Grüner Veltliner Grapes

My Eye’s Spied a Bottle of Texas-Grown Grüner Veltliner

My first encounter with a Texas-grown Grüner Veltliner was at Neal Newsom’s Grape Day festivities back in April of this year. I was actually gobsmacked with my first sight of a bottle of Texas wine carrying the name Grüner Veltliner on its label. My first thought was how could this be? After all, Austria is a cool winegrowing region, right? At least that’s what I’d been taught many years ago. Texas is actually the opposite, being described politely as a “warm” winegrowing region, and not so politely as just “damn hot”, particularly in 2023. How could these opposites be brought together in a Texas vineyard and a glass of wine?

While I have had many Grüners before, they have all been from Austria. My experience all mimic the descriptions I gave you above: pale-straw colored, light-bodied, minerally and refreshing, but maybe with one more color descriptor – a light almond cast.

On Neal’s Grape Day his “bardominium“ was set up for rows of people to listen to presentations, but it also had a few table brought together on one side. It was stacked with opened bottles of Texas wines of all types for attendees to taste. This is where I found a 2021 varietal Grüner Veltliner (Limited Release) produced by Llano Estacado Winery with vineyard acknowledgement to Kubacak Vineyards in Tahoka, TX, in the Texas High Plains AVA.
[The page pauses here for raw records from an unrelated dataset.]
(* For every $M\in\Lambda^{001}$ the following are equivalent: (1) $M$ is solvable in $\Lambda^{001}$; (2) $M$ is head-normalisable, i.e. $M\longrightarrow_h^* N$ for some $N$ in head normal form; (3) $M$ is solvable in $\Lambda$.
   Context: $\Lambda^{001}$ is the set of possibly infinite λ-terms (trees of variables, abstractions and applications $(M)N$) whose infinite branches all enter infinitely often the argument position $N$ of an application, up to α-equivalence; $\Lambda\subseteq\Lambda^{001}$ is the set of finite λ-terms. $\longrightarrow_\beta$ is one-step β-reduction (contextual closure of $(\lambda x.M)N\to M[N/x]$), $\longrightarrow_\beta^*$ its reflexive-transitive closure. The infinitary reduction $\longrightarrow_\beta^\infty$ is defined by the rules below, with possibly infinite derivations in which every infinite branch passes infinitely often through the third premise of (@): (var) $M\longrightarrow_\beta^* x\Rightarrow M\longrightarrow_\beta^\infty x$; (λ) $M\longrightarrow_\beta^*\lambda x.P$, $P\longrightarrow_\beta^\infty P'$ $\Rightarrow M\longrightarrow_\beta^\infty\lambda x.P'$; (@) $M\longrightarrow_\beta^*(P)Q$, $P\longrightarrow_\beta^\infty P'$, $Q\longrightarrow_\beta^\infty Q'$ $\Rightarrow M\longrightarrow_\beta^\infty(P')Q'$. Head normal forms are terms $\lambda x_1\dots\lambda x_m.(\dots((y)Q_1)\dots)Q_n$; head reduction $\longrightarrow_h$ contracts the redex $(\lambda z.N)P$ of a term $\lambda x_1\dots\lambda x_m.(\dots((\lambda z.N)P)Q_1\dots)Q_n$. A term $M\in\Lambda^{001}$ is solvable in $\Lambda$ (resp. in $\Lambda^{001}$) if there exist variables $x_1,\dots,x_m$ and terms $N_1,\dots,N_n\in\Lambda$ (resp. $\in\Lambda^{001}$) such that $(\dots((\lambda x_1\dots\lambda x_m.M)N_1)\dots)N_n\longrightarrow_\beta^*\lambda x.x$ (resp. $\longrightarrow_\beta^\infty\lambda x.x$). *)

theory Defs
  imports Main
begin

codatatype trm = Var nat | Lam trm | App trm trm

primcorec shift :: "nat \<Rightarrow> nat \<Rightarrow> trm \<Rightarrow> trm" where
  "shift d c M = (case M of
      Var i \<Rightarrow> (if i < c then Var i else Var (i + d))
    | Lam P \<Rightarrow> Lam (shift d (Suc c) P)
    | App P Q \<Rightarrow> App (shift d c P) (shift d c Q))"

primcorec subst :: "nat \<Rightarrow> trm \<Rightarrow> trm \<Rightarrow> trm" where
  "subst k N M = (case M of
      Var i \<Rightarrow> (if i < k then Var i
                 else if i = k then (case N of Var j \<Rightarrow> Var j | Lam P \<Rightarrow> Lam P | App P Q \<Rightarrow> App P Q)
                 else Var (i - 1))
    | Lam P \<Rightarrow> Lam (subst (Suc k) (shift 1 0 N) P)
    | App P Q \<Rightarrow> App (subst k N P) (subst k N Q))"

text \<open>Named abstraction: free variable named i occurs at depth d as Var (i + d).
  absv j d M binds the free variable j (to the new binder), keeping all other names.\<close>
primcorec absv :: "nat \<Rightarrow> nat \<Rightarrow> trm \<Rightarrow> trm" where
  "absv j d M = (case M of
      Var k \<Rightarrow> (if k < d then Var k else if k = d + j then Var d else Var (Suc k))
    | Lam P \<Rightarrow> Lam (absv j (Suc d) P)
    | App P Q \<Rightarrow> App (absv j d P) (absv j d Q))"

definition abstr :: "nat \<Rightarrow> trm \<Rightarrow> trm" where
  "abstr x M = Lam (absv x 0 M)"

definition abstrs :: "nat list \<Rightarrow> trm \<Rightarrow> trm" where
  "abstrs xs M = foldr abstr xs M"

definition apps :: "trm \<Rightarrow> trm list \<Rightarrow> trm" where
  "apps M Ns = foldl App M Ns"

definition idt :: trm where "idt = Lam (Var 0)"

inductive finite_trm :: "trm \<Rightarrow> bool" where
  "finite_trm (Var i)"
| "finite_trm P \<Longrightarrow> finite_trm (Lam P)"
| "finite_trm P \<Longrightarrow> finite_trm Q \<Longrightarrow> finite_trm (App P Q)"

datatype dir = Body | Fun | Arg

inductive child :: "trm \<Rightarrow> dir \<Rightarrow> trm \<Rightarrow> bool" where
  "child (Lam P) Body P"
| "child (App P Q) Fun P"
| "child (App P Q) Arg Q"

definition in001 :: "trm \<Rightarrow> bool" where
  "in001 M \<longleftrightarrow> (\<forall>(t :: nat \<Rightarrow> trm) (d :: nat \<Rightarrow> dir).
      t 0 = M \<and> (\<forall>n. child (t n) (d n) (t (Suc n))) \<longrightarrow> infinite {n. d n = Arg})"

inductive beta :: "trm \<Rightarrow> trm \<Rightarrow> bool" where
  redex: "beta (App (Lam M) N) (subst 0 N M)"
| lam: "beta M M' \<Longrightarrow> beta (Lam M) (Lam M')"
| appL: "beta M M' \<Longrightarrow> beta (App M N) (App M' N)"
| appR: "beta N N' \<Longrightarrow> beta (App M N) (App M N')"

abbreviation beta_star :: "trm \<Rightarrow> trm \<Rightarrow> bool" where
  "beta_star \<equiv> beta\<^sup>*\<^sup>*"

text \<open>The inner
  inductive layer covers rules (var), (lambda) and the first two premises of (@);
  only the third premise of (@) goes through the outer coinductive relation R.\<close>
inductive inf_step :: "(trm \<Rightarrow> trm \<Rightarrow> bool) \<Rightarrow> trm \<Rightarrow> trm \<Rightarrow> bool" for R where
  ivar: "beta_star M (Var x) \<Longrightarrow> inf_step R M (Var x)"
| ilam: "beta_star M (Lam P) \<Longrightarrow> inf_step R P P' \<Longrightarrow> inf_step R M (Lam P')"
| iapp: "beta_star M (App P Q) \<Longrightarrow> inf_step R P P' \<Longrightarrow> R Q Q' \<Longrightarrow> inf_step R M (App P' Q')"

lemma inf_step_mono[mono]:
  "(\<And>x y. R x y \<longrightarrow> S x y) \<Longrightarrow> inf_step R M N \<longrightarrow> inf_step S M N"
proof
  assume h: "\<And>x y. R x y \<longrightarrow> S x y"
  show "inf_step R M N \<Longrightarrow> inf_step S M N"
    by (induction rule: inf_step.induct) (auto intro: inf_step.intros h[rule_format])
qed

coinductive beta_inf :: "trm \<Rightarrow> trm \<Rightarrow> bool" where
  "inf_step beta_inf M N \<Longrightarrow> beta_inf M N"

inductive hnf_app :: "trm \<Rightarrow> bool" where
  "hnf_app (Var y)"
| "hnf_app P \<Longrightarrow> hnf_app (App P Q)"

inductive hnf :: "trm \<Rightarrow> bool" where
  "hnf_app P \<Longrightarrow> hnf P"
| "hnf P \<Longrightarrow> hnf (Lam P)"

inductive head_app :: "trm \<Rightarrow> trm \<Rightarrow> bool" where
  "head_app (App (Lam N) P) (subst 0 P N)"
| "head_app M M' \<Longrightarrow> head_app (App M Q) (App M' Q)"

inductive head :: "trm \<Rightarrow> trm \<Rightarrow> bool" where
  "head_app M M' \<Longrightarrow> head M M'"
| "head M M' \<Longrightarrow> head (Lam M) (Lam M')"

definition head_normalisable :: "trm \<Rightarrow> bool" where
  "head_normalisable M \<longleftrightarrow> (\<exists>N. head\<^sup>*\<^sup>* M N \<and> hnf N)"

definition solvable_Lambda :: "trm \<Rightarrow> bool" where
  "solvable_Lambda M \<longleftrightarrow> (\<exists>xs Ns. (\<forall>N\<in>set Ns. finite_trm N) \<and>
      beta_star (apps (abstrs xs M) Ns) idt)"

definition solvable_001 :: "trm \<Rightarrow> bool" where
  "solvable_001 M \<longleftrightarrow> (\<exists>xs Ns. (\<forall>N\<in>set Ns. in001 N) \<and>
      beta_inf (apps (abstrs xs M) Ns) idt)"

end

theory Submission
  imports Defs "HOL-Library.Multiset"
begin
(* Fix $d\in\mathbb N$ and $k\le d$, and let $S_\star\subseteq[d]$ with $|S_\star|=k$ be unknown. Suppose samples $\{(x^{(i)},\tilde z^{(i)})\}_{i=1}^m$ are generated under propagating noise with level $\eta\in[0,1/2)$, where the orderings $\pi^{(1)},\dots,\pi^{(m)}$ may be chosen adversarially based on $(x^{(1)},\dots,x^{(m)})$. Then there is a universal constant $C>0$ such that for every $\delta\in(0,1)$, if $m\ge C\cdot\frac{k}{(1-2\eta)^2}\log\frac d\delta$, the output $\hat S$ of the Support Recovery Algorithm satisfies $\Pr[\hat S=S_\star]\ge1-\delta$.
   Context: Data model: $x^{(1)},\dots,x^{(m)}$ are i.i.d. uniform on $\{0,1\}^d$. For each $i$, a bijection $\pi^{(i)}:[k]\to S_\star$ (an ordering of $S_\star$) is chosen (possibly adversarially as a function of all the inputs). With $\xi^{(i)}_1,\dots,\xi^{(i)}_k$ i.i.d. $\mathrm{Bern}(\eta)$, independent of everything else, the observed chain is $\tilde z^{(i)}=(\tilde z^{(i)}_1,\dots,\tilde z^{(i)}_k)$ with $\tilde z^{(i)}_0=0$ and $\tilde z^{(i)}_t=\tilde z^{(i)}_{t-1}\oplus x^{(i)}_{\pi^{(i)}(t)}\oplus\xi^{(i)}_t$ for $t=1,\dots,k$ (equivalently $\tilde z^{(i)}_t=\bigoplus_{s\le t}x^{(i)}_{\pi^{(i)}(s)}\oplus\bigoplus_{s\le t}\xi^{(i)}_s$). Support Recovery Algorithm: with $\tilde z^{(i)}_0=0$, set $\tilde\delta^{(i)}_t=1-2(\tilde z^{(i)}_t\oplus\tilde z^{(i)}_{t-1})$ and $\tilde s^{(i)}=\sum_{t=1}^k\tilde\delta^{(i)}_t$; for each $j\in[d]$ compute $\mathrm{score}(j)=\frac1m\sum_{i=1}^m(1-2x^{(i)}_j)\tilde s^{(i)}$; output $\hat S$ as the $k$ indices with largest score. *)

theory Defs
  imports "HOL-Probability.Probability"
begin

text \<open>Conventions: coordinates are indexed by [d] = {1..d}, samples by {1..m},
  chain positions by [k] = {1..k}. Bits are booleans (True = 1), XOR is inequality.
  A sample matrix is X :: nat \<Rightarrow> nat \<Rightarrow> bool, X i j = x^(i)_j;
  the noise matrix is N :: nat \<Rightarrow> nat \<Rightarrow> bool, N i t = xi^(i)_t.\<close>

definition input_pmf :: "nat \<Rightarrow> nat \<Rightarrow> (nat \<Rightarrow> nat \<Rightarrow> bool) pmf" where
  "input_pmf m d =
     map_pmf (\<lambda>f i j. f (i, j)) (Pi_pmf ({1..m} \<times> {1..d}) False (\<lambda>_. pmf_of_set UNIV))"

definition noise_pmf :: "nat \<Rightarrow> nat \<Rightarrow> real \<Rightarrow> (nat \<Rightarrow> nat \<Rightarrow> bool) pmf" where
  "noise_pmf m k \<eta> =
     map_pmf (\<lambda>f i t. f (i, t)) (Pi_pmf ({1..m} \<times> {1..k}) False (\<lambda>_. bernoulli_pmf \<eta>))"

fun chain :: "(nat \<Rightarrow> bool) \<Rightarrow> (nat \<Rightarrow> nat) \<Rightarrow> (nat \<Rightarrow> bool) \<Rightarrow> nat \<Rightarrow> bool" where
  "chain x p \<xi> 0 = False"
| "chain x p \<xi> (Suc t) = ((chain x p \<xi> t \<noteq> x (p (Suc t))) \<noteq> \<xi> (Suc t))"

definition chain_sum :: "nat \<Rightarrow> (nat \<Rightarrow> bool) \<Rightarrow> real" where
  "chain_sum k z = (\<Sum>t=1..k. 1 - 2 * of_bool (z t \<noteq> z (t - 1)))"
Texas Grüner Veltliner Tasting

If Austrian Grüner can be described as pale-straw colored, light-bodied, minerally and refreshing, I’d say that the Texas Grüner had just a bit more color that accentuated what I called above the “almond cast”, likely due to the intense high plains sun at 3200+ feet and a drive to a bit more ripeness from the higher average temperatures. But, the most amazing part of the tasting was that this wine still came across with the minerally and refreshing aspects of Grüner I was hoping for. On the palate, I’d also say that that Texas Grüner had a just bit more body (maybe light+ body) to give. This Texas wine was naturally a tad different that the Grüner that I’ve tasted that were from Austria owed to our local growing conditions, but still a solid performance and varietally correct.

Texas-grown Grüner Veltliner grapes at Kubacak Vineyards

Follow-up Research – Texas Grüner is Not So Far Fetched as I Thought

After the tasting, the incongruousness of Grüner Veltliner in Texas was still playing in my mind. So, when I got back home, I decided to do a little research. What I found out was that while Austria can be generally considered a cool growing area, its eastern region of Burgenland where their Grüner is most plentiful is a bit different. Burgenland is influenced by a hot continental climate that besides Grüner Veltliner also produces some of opulent red wines and extraordinary sweet wines in Austria.

So, fellow Texans, I hope that we can all welcome a new grape variety to our Texas wine lexicon with Grüner Veltliner. Find one and enjoy!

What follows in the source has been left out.